» **Saved data entries**
━━━━━━

(* Let $\mathcal A_+,\mathcal A_-\subseteq\mathbb Z^n$ be disjoint nonempty finite sets, $\mathcal A=\mathcal A_+\cup\mathcal A_-$, such that $\mathcal A_-\subseteq\operatorname{relint}(\Gamma)$ for a face $\Gamma$ of $\operatorname{conv}(\mathcal A_+)$ and $(\mathcal A_+\cap\Gamma,\mathcal A_-\cap\Gamma)$ is nonseparable. Let $f\in\mathcal S(\mathcal A_+,\mathcal A_-)$ have nonsigned coefficients $c\in\mathbb R^{\mathcal A}_{>0}$ and let $h:\mathcal A\to\mathbb Z$ be a height function lifting $\mathcal A_-$. Then the set $S:=\{t\in\mathbb R_{>0}:F^\Gamma(\pi_\Gamma(c\star t^h),x)=0\text{ for some }x\in\mathbb R^n_{>0}\}$ has exactly one element.
   Context: A signomial with signed support $(\mathcal A_+,\mathcal A_-)$ is $f_c(x)=\sum_{a\in\mathcal A_+}c_ax^a-\sum_{b\in\mathcal A_-}c_bx^b$ on $\mathbb R^n_{>0}$, $c\in\mathbb R^{\mathcal A}_{>0}$ (nonsigned coefficients); $\mathcal S(\mathcal A_+,\mathcal A_-)$ is the set of these. For a signed support $(\mathcal B_+,\mathcal B_-)$ the critical system is $F(c,x)=(f_c(x),x_1\partial_{x_1}f_c(x),\dots,x_n\partial_{x_n}f_c(x))$. $\pi_\Gamma:\mathbb R^{\mathcal A}\to\mathbb R^{\mathcal A\cap\Gamma}$ is the coordinate projection and $F^\Gamma$ the critical system of $(\mathcal A_+\cap\Gamma,\mathcal A_-\cap\Gamma)$. A height function $h$ lifts $\mathcal A_-$ if $h(a)>0$ for $a\in\mathcal A_-$, $h(a)=0$ for $a\in\mathcal A_+$; $c\star t^h=(c_at^{h(a)})_a$. For $(\mathcal B_+,\mathcal B_-)$ of dimension $d=\dim\operatorname{conv}(\mathcal B_+\cup\mathcal B_-)$: $\mathcal F(\mathcal B_+)$ is the common refinement of all regular polyhedral subdivisions of $\mathcal B_+$, $\mathcal F_d(\mathcal B_+)$ its $d$-cells, and $(\mathcal B_+,\mathcal B_-)$ is nonseparable if $\mathcal B_-\subseteq\operatorname{relint}\operatorname{conv}(\mathcal B_+)$ and some $D\in\mathcal F_d(\mathcal B_+)$ contains $\mathcal B_-$. *)

theory Defs
  imports "HOL-Analysis.Analysis"
begin
lemma openin_XF_top_final_point:
  assumes U: "nonprincipal_ultrafilter U"
    and inj: "\<forall>C\<in>clusters W R. nondegenerate R C \<longrightarrow> inj_on idx C"
    and "trans R" "final_cluster W R {v}" "cluster_of W R v = {v}" "(v, v) \<in> R" "idx v = 1"
    and "M \<in> U"
  shows "openin (XF_top U W R idx) (Pair v ` M)"
proof -
  have v_cluster: "{v} \<in> clusters W R" using assms(4) unfolding final_cluster_def by blast
  have XC_v: "XC U W R idx {v} = range (Pair v)"
    by (rule XC_simple_cluster[where idx = idx, OF U assms(5-7)])
  have other_cluster: "C = {v}" if "C \<in> clusters W R" "Pair v ` M \<inter> XC U W R idx C \<noteq> {}" for C
  proof -
    have "v \<in> C" using that(2) XC_subset[of U W R idx C] by auto
    then show ?thesis using clusters_eq_cluster_of[OF assms(3) that(1)] assms(5) by simp
  qed
  show ?thesis
    unfolding openin_XF_top[OF inj]
  proof (intro conjI ballI impI)
    show "Pair v ` M \<subseteq> XF_set U W R idx"
      using v_cluster XC_v unfolding XF_set_def by blast
  next
    fix C assume C: "C \<in> clusters W R"
    show "XC_open U W R idx C (Pair v ` M \<inter> XC U W R idx C)"
    proof (cases "Pair v ` M \<inter> XC U W R idx C = {}")
      case False
      then have "C = {v}" by (rule other_cluster[OF C])
      moreover have "Pair v ` M \<inter> XC U W R idx {v} = Pair v ` M" using XC_v by blast
      ultimately show ?thesis
        using XC_open_simple_cluster[where idx = idx, OF U assms(5-7)] \<open>M \<in> U\<close> by simp
    qed (simp add: XC_open_def)
  next
    fix C C' assume "C \<in> clusters W R" "Pair v ` M \<inter> XC U W R idx C \<noteq> {}"
      and "C' \<in> clusters W R" "cl_up R C C'"
    then have "C' \<noteq> {v}" "cl_rel R {v} C'" using other_cluster unfolding cl_up_def by auto
    then show "XC U W R idx C' \<subseteq> Pair v ` M"
      using assms(4) \<open>C' \<in> clusters W R\<close> unfolding final_cluster_def by blast
  qed
qed
lemma lift_form_Wvec: "i \<in> {1..n} \<Longrightarrow> lift_form n (Wvec p i) = real p * lift_weight i"
  by (simp add: lift_form_def Wvec_def if_distrib[of "\<lambda>x. _ * x"] sum.delta cong: if_cong)

lemma vvec_eq_lift_vec:
  assumes "p > 0" "i \<in> {1..n}"
  shows "vvec p n \<epsilon> i = lift_vec p n \<epsilon> (Wvec p i)"
  unfolding lift_vec_def lift_form_Wvec[OF assms(2)]
  using assms by (auto simp: vvec_def Wvec_def lift_weight_def)

lemma utilde_eq_lift_vec:
  assumes "p > 0" "n \<ge> 1"
  shows "utilde p n \<sigma> \<epsilon> = lift_vec p n \<epsilon> (uvec n \<sigma>)"
proof -
  have u_comb: "(\<lambda>j. \<Sum>i=1..n. uvec n \<sigma> i * Wvec p i j) = (\<lambda>j. real p * uvec n \<sigma> j)"
    using assms(2) by (auto simp: Wvec_def uvec_def if_distrib[of "\<lambda>x. _ * x"] sum.delta cong: if_cong)
  have "utilde p n \<sigma> \<epsilon> = (\<lambda>j. 1 / real p * lift_vec p n \<epsilon> (\<lambda>j. \<Sum>i=1..n. uvec n \<sigma> i * Wvec p i j) j)"
    unfolding utilde_def using assms(1) by (simp add: lift_vec_sum vvec_eq_lift_vec)
  also have "\<dots> = lift_vec p n \<epsilon> (uvec n \<sigma>)"
    unfolding u_comb using lift_vec_sum[of "{0::nat}" p n \<epsilon> "\<lambda>_. real p" "\<lambda>_. uvec n \<sigma>"] assms(1)
    by simp
  finally show ?thesis .
qed

lemma powsum_lift_vec:
  "in_dim n y \<Longrightarrow> powsum q (n + 1) (lift_vec p n \<epsilon> y) = powsum q n y + \<bar>\<epsilon> / real p * lift_form n y\<bar> ^ q"
  by (simp add: powsum_def lift_vec_def)

lemma in_dim_lift_vec: "in_dim n y \<Longrightarrow> in_dim (n + 1) (lift_vec p n \<epsilon> y)"
  by (auto simp: lift_vec_def)
lemma expansion_iff_invariant_basis_coefficients:
  fixes s :: complex and F :: "complex \<Rightarrow> complex \<Rightarrow> complex" and e :: "nat \<Rightarrow> complex"
  assumes "s * s = 2" "4 * m + 2 \<le> N"
    and F: "\<And>a b. F ((a + b) / s) (\<i> * (a - b) / s) = (\<Sum>i\<le>m. of_nat (f i) * invariant_basis N i a b)"
  shows "(\<forall>x y. F x y = (x^4 - 6 * x^2 * y^2 + y^4) *
      (\<Sum>i\<le>m. e i * (x^2 + y^2) ^ (N - 2 - 4 * i) * (x^2 * y^2 * (x^2 - y^2)^2) ^ i)) \<longleftrightarrow>
    (\<forall>i\<le>m. of_nat (f i) = (-1) ^ i * 2 powi (int N - 1 - 6 * int i) * e i)"
proof -
  have "(\<forall>x y. F x y = (x^4 - 6 * x^2 * y^2 + y^4) *
      (\<Sum>i\<le>m. e i * (x^2 + y^2) ^ (N - 2 - 4 * i) * (x^2 * y^2 * (x^2 - y^2)^2) ^ i)) \<longleftrightarrow>
    (\<forall>a b. (\<Sum>i\<le>m. of_nat (f i) * invariant_basis N i a b) =
      (\<Sum>i\<le>m. ((-1) ^ i * 2 powi (int N - 1 - 6 * int i) * e i) * invariant_basis N i a b))"
    by (subst all_substitution_iff[OF assms(1)]) (simp only: F sum_invariant_basis_substitution[OF assms(1,2)])
  also have "\<dots> \<longleftrightarrow> (\<forall>i\<le>m. of_nat (f i) = (-1) ^ i * 2 powi (int N - 1 - 6 * int i) * e i)"
    by (rule sum_invariant_basis_eq_iff[OF assms(2)])
  finally show ?thesis .
qed

theorem corollary5p1:
  fixes n :: nat and C :: "nat set set"
  assumes "even n" and "n \<ge> 4"
    and "semi_self_dual n C" and "\<not> doubly_even C"
  defines "N \<equiv> n div 2"
    and "A \<equiv> weight_enum n C"
  defines "D \<equiv> (\<lambda>x y. A ((x + y) / complex_of_real (sqrt 2)) ((x - y) / complex_of_real (sqrt 2)))"
    and "m \<equiv> (N - 2) div 4"
  defines "B \<equiv> (\<lambda>x y. A x y - D x y)"
  defines "P \<equiv> (\<lambda>e::nat \<Rightarrow> complex. (\<forall>i>m. e i = 0) \<and>
       (\<forall>x y. B x y = (x^4 - 6 * x^2 * y^2 + y^4) *
          (\<Sum>i\<le>m. e i * (x^2 + y^2) ^ (N - 2 - 4 * i) * (x^2 * y^2 * (x^2 - y^2)^2) ^ i)))"
  shows "(\<exists>!e. P e) \<and>
    (\<forall>e. P e \<longrightarrow> (\<forall>i\<le>m. \<exists>k::nat.
        (-1) ^ i * (2::complex) powi (int N - 1 - 6 * int i) * e i = of_nat k))"
proof -
  define s where "s = complex_of_real (sqrt 2)"
  have s: "s * s = 2" unfolding s_def by (simp flip: of_real_mult)
  have n: "n = 2 * N" using assms(1) unfolding N_def by simp
  have m: "4 * m + 2 \<le> N"
    using div_times_less_eq_dividend[of "N - 2" 4] assms(2) n unfolding m_def by linarith
  define c where "c i = (-1) ^ i * (2::complex) powi (int N - 1 - 6 * int i)" for i
  have B: "B x y = weight_enum n C x y - weight_enum n C ((x + y) / s) ((x - y) / s)" for x y
    unfolding B_def D_def A_def s_def ..
  have "nat_combination N m (\<lambda>a b. B ((a + b) / s) (\<i> * (a - b) / s))"
    unfolding B weight_enum_substitution_difference[OF assms(3) n s] m_def
    by (rule nat_combination_shadow_weight_enum[OF assms(3) n])
  then obtain f :: "nat \<Rightarrow> nat" where
    f: "\<And>a b. B ((a + b) / s) (\<i> * (a - b) / s) = (\<Sum>i\<le>m. of_nat (f i) * invariant_basis N i a b)"
    unfolding nat_combination_def by blast
  have P_iff: "P e \<longleftrightarrow> (\<forall>i>m. e i = 0) \<and> (\<forall>i\<le>m. of_nat (f i) = c i * e i)" for e
    unfolding P_def c_def expansion_iff_invariant_basis_coefficients[OF s m f] ..
  have "c i \<noteq> 0" for i unfolding c_def by simp
  then have "P e \<longleftrightarrow> e = (\<lambda>i. if i \<le> m then of_nat (f i) / c i else 0)" for e
    unfolding P_iff by (auto simp: field_simps)
  then have "\<exists>!e. P e" by simp
  moreover have "c i * e i = of_nat (f i)" if "P e" "i \<le> m" for e i
    using that unfolding P_iff by simp
  ultimately show ?thesis
    unfolding c_def by blast
qed

end
lemma star_sets_props:
  assumes j: "j < m*m+1"
  shows "finite (star_sets m j)" "star_sets m j \<noteq> {}" "card (star_sets m j) = m"
    "star_sets m j \<subseteq> star_domain m"
proof -
  have "star_sets m j \<subseteq> star_domain m"
  proof (cases "j = 0")
    case True
    have "m \<le> m*(m*m+1)" by simp
    then show ?thesis using True by (auto simp: star_sets_def star_domain_def)
  next
    case False
    then have jl: "j \<in> leaves m" using j by (simp add: leaves_iff)
    have bound: "m*j+m \<le> m*(m*m+1)" using j mult_le_mono2[of "j+1" "m*m+1" m] by simp
    have "x < m*(m*m+1)" if x: "x \<in> star_sets m j" for x
    proof -
      have "x = (j-1) div m \<or> x < m*j+m" using x leaf_set_split(1)[OF jl] by auto
      moreover have "m \<le> m*(m*m+1)" by simp
      ultimately show ?thesis using bound hub_point_less[OF jl] by linarith
    qed
    then show ?thesis unfolding star_domain_def by blast
  qed
  moreover have "card (star_sets m j) = m"
  proof (cases "j = 0")
    case False
    then have jl: "j \<in> leaves m" using j by (simp add: leaves_iff)
    show ?thesis using leaf_set_split(1,2)[OF jl] m by simp
  qed (simp add: star_sets_def)
  ultimately show "finite (star_sets m j)" "star_sets m j \<noteq> {}" "card (star_sets m j) = m"
    "star_sets m j \<subseteq> star_domain m"
    using m by (auto simp: star_domain_def intro: finite_subset)
qed

lemma star_q_eq: "j < m*m+1 \<Longrightarrow> star_q m j x = (if x \<in> star_sets m j then 1 / m else 0)"
  using star_sets_props[of j] unfolding uniform_q_def by (simp add: indicator_def)

lemma star_coverage_instance: "coverage_instance (m*m+1) (star_domain m) (star_q m)"
proof
  show "finite (star_domain m)" unfolding star_domain_def by simp
  fix j x assume j: "j < m*m+1" and "x \<in> star_domain m"
  show "0 \<le> star_q m j x" using j by (simp add: star_q_eq)
  have "1 / real m \<le> 1/2" using m by (simp add: divide_simps)
  then show "star_q m j x \<le> 1/2" using j by (simp add: star_q_eq)
next
  fix j assume j: "j < m*m+1"
  have "(\<Sum>x\<in>star_domain m. star_q m j x) = (\<Sum>x\<in>star_sets m j. 1 / real m)"
    using star_sets_props[OF j] j by (simp add: star_q_eq sum_if_mem star_domain_def)
  also have "\<dots> = 1" using star_sets_props[OF j] m by simp
  finally show "(\<Sum>x\<in>star_domain m. star_q m j x) = 1" .
qed
section \<open>Change of measure under differential privacy\<close>

lemma sum_mult_le_of_ratio_bound:
  fixes \<alpha> \<beta> g :: "'x \<Rightarrow> real"
  assumes X: "finite X" "X \<noteq> {}"
    and \<beta>: "\<And>x. x \<in> X \<Longrightarrow> 0 \<le> \<beta> x" and sa: "sum \<alpha> X = 1" and sb: "sum \<beta> X = 1"
    and g: "\<And>x. x \<in> X \<Longrightarrow> 0 \<le> g x" and ratio: "\<And>x y. x \<in> X \<Longrightarrow> y \<in> X \<Longrightarrow> g x \<le> c * g y"
    and c: "1 \<le> c"
  shows "(\<Sum>x\<in>X. \<alpha> x * g x) \<le> (1 + (c - 1) * (\<Sum>x\<in>X. \<bar>\<alpha> x - \<beta> x\<bar>)) * (\<Sum>x\<in>X. \<beta> x * g x)"
proof -
  \<comment> \<open>Subtracting the minimum \<open>g x\<^sub>0\<close> leaves oscillation at most \<open>(c - 1) * g x\<^sub>0\<close>.\<close>
  obtain x\<^sub>0 where x\<^sub>0: "x\<^sub>0 \<in> X" and min: "\<And>x. x \<in> X \<Longrightarrow> g x\<^sub>0 \<le> g x"
    using ex_is_arg_min_if_finite[OF X, of g] unfolding is_arg_min_linorder by blast
  have "g x\<^sub>0 = (\<Sum>x\<in>X. \<beta> x * g x\<^sub>0)"
    using sb by (simp add: sum_distrib_right[symmetric])
  also have "\<dots> \<le> (\<Sum>x\<in>X. \<beta> x * g x)"
    by (intro sum_mono mult_left_mono) (auto simp: min \<beta>)
  finally have min_le: "g x\<^sub>0 \<le> (\<Sum>x\<in>X. \<beta> x * g x)" .
  have "(\<Sum>x\<in>X. (\<alpha> x - \<beta> x) * (g x - g x\<^sub>0))
      = (\<Sum>x\<in>X. \<alpha> x * g x) - (\<Sum>x\<in>X. \<beta> x * g x) - g x\<^sub>0 * (sum \<alpha> X - sum \<beta> X)"
    by (simp add: algebra_simps sum_subtractf sum_distrib_left sum.distrib)
  then have "(\<Sum>x\<in>X. \<alpha> x * g x) - (\<Sum>x\<in>X. \<beta> x * g x) = (\<Sum>x\<in>X. (\<alpha> x - \<beta> x) * (g x - g x\<^sub>0))"
    using sa sb by simp
  also have "\<dots> \<le> (\<Sum>x\<in>X. \<bar>\<alpha> x - \<beta> x\<bar> * ((c - 1) * g x\<^sub>0))"
  proof (intro sum_mono)
    fix x assume x: "x \<in> X"
    have "0 \<le> g x - g x\<^sub>0" "g x - g x\<^sub>0 \<le> (c - 1) * g x\<^sub>0"
      using min[OF x] ratio[OF x x\<^sub>0] by (simp_all add: algebra_simps)
    then show "(\<alpha> x - \<beta> x) * (g x - g x\<^sub>0) \<le> \<bar>\<alpha> x - \<beta> x\<bar> * ((c - 1) * g x\<^sub>0)"
      by (metis abs_ge_self abs_ge_zero mult_mono)
  qed
  also have "\<dots> \<le> (\<Sum>x\<in>X. \<bar>\<alpha> x - \<beta> x\<bar>) * ((c - 1) * (\<Sum>x\<in>X. \<beta> x * g x))"
    unfolding sum_distrib_right[symmetric] using min_le c by (intro mult_left_mono) (auto simp: sum_nonneg)
  finally show ?thesis
    by (simp add: algebra_simps)
qed

lemma sum_PiE_prod_mult_le_of_ratio_bound:
  fixes a b :: "'y \<Rightarrow> real" and g :: "('z \<Rightarrow> 'y) \<Rightarrow> real"
  assumes B: "finite B" and Y: "finite Y" "Y \<noteq> {}"
    and a: "\<And>y. y \<in> Y \<Longrightarrow> 0 \<le> a y" "sum a Y = 1"
    and b: "\<And>y. y \<in> Y \<Longrightarrow> 0 \<le> b y" "sum b Y = 1"
    and g: "\<And>x. x \<in> PiE B (\<lambda>_. Y) \<Longrightarrow> 0 \<le> g x"
    and ratio: "\<And>x y. x \<in> PiE B (\<lambda>_. Y) \<Longrightarrow> y \<in> PiE B (\<lambda>_. Y) \<Longrightarrow> g x \<le> c * g y"
    and c: "1 \<le> c"
    and dist: "(\<Sum>x\<in>PiE B (\<lambda>_. Y). \<bar>(\<Prod>z\<in>B. a (x z)) - (\<Prod>z\<in>B. b (x z))\<bar>) \<le> T"
  shows "(\<Sum>x\<in>PiE B (\<lambda>_. Y). (\<Prod>z\<in>B. a (x z)) * g x)
    \<le> (1 + (c - 1) * T) * (\<Sum>x\<in>PiE B (\<lambda>_. Y). (\<Prod>z\<in>B. b (x z)) * g x)"
proof -
  have "(\<Sum>x\<in>PiE B (\<lambda>_. Y). (\<Prod>z\<in>B. a (x z)) * g x)
      \<le> (1 + (c - 1) * (\<Sum>x\<in>PiE B (\<lambda>_. Y). \<bar>(\<Prod>z\<in>B. a (x z)) - (\<Prod>z\<in>B. b (x z))\<bar>))
        * (\<Sum>x\<in>PiE B (\<lambda>_. Y). (\<Prod>z\<in>B. b (x z)) * g x)"
    by (rule sum_mult_le_of_ratio_bound)
       (use B Y a b g ratio c in \<open>auto simp: finite_PiE PiE_eq_empty_iff sum_PiE_prod_eq_power intro!: prod_nonneg\<close>)
  also have "\<dots> \<le> (1 + (c - 1) * T) * (\<Sum>x\<in>PiE B (\<lambda>_. Y). (\<Prod>z\<in>B. b (x z)) * g x)"
    using dist c b g
    by (intro mult_right_mono add_left_mono mult_left_mono sum_nonneg mult_nonneg_nonneg prod_nonneg)
       (auto simp: PiE_iff)
  finally show ?thesis .
qed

━━━━━━

» **ASSIGNMENT**
From the entries above, copy each line that holds "defines".

» **FINISHED TASK**
  defines "N \<equiv> n div 2"
  defines "D \<equiv> (\<lambda>x y. A ((x + y) / complex_of_real (sqrt 2)) ((x - y) / complex_of_real (sqrt 2)))"
  defines "B \<equiv> (\<lambda>x y. A x y - D x y)"
  defines "P \<equiv> (\<lambda>e::nat \<Rightarrow> complex. (\<forall>i>m. e i = 0) \<and>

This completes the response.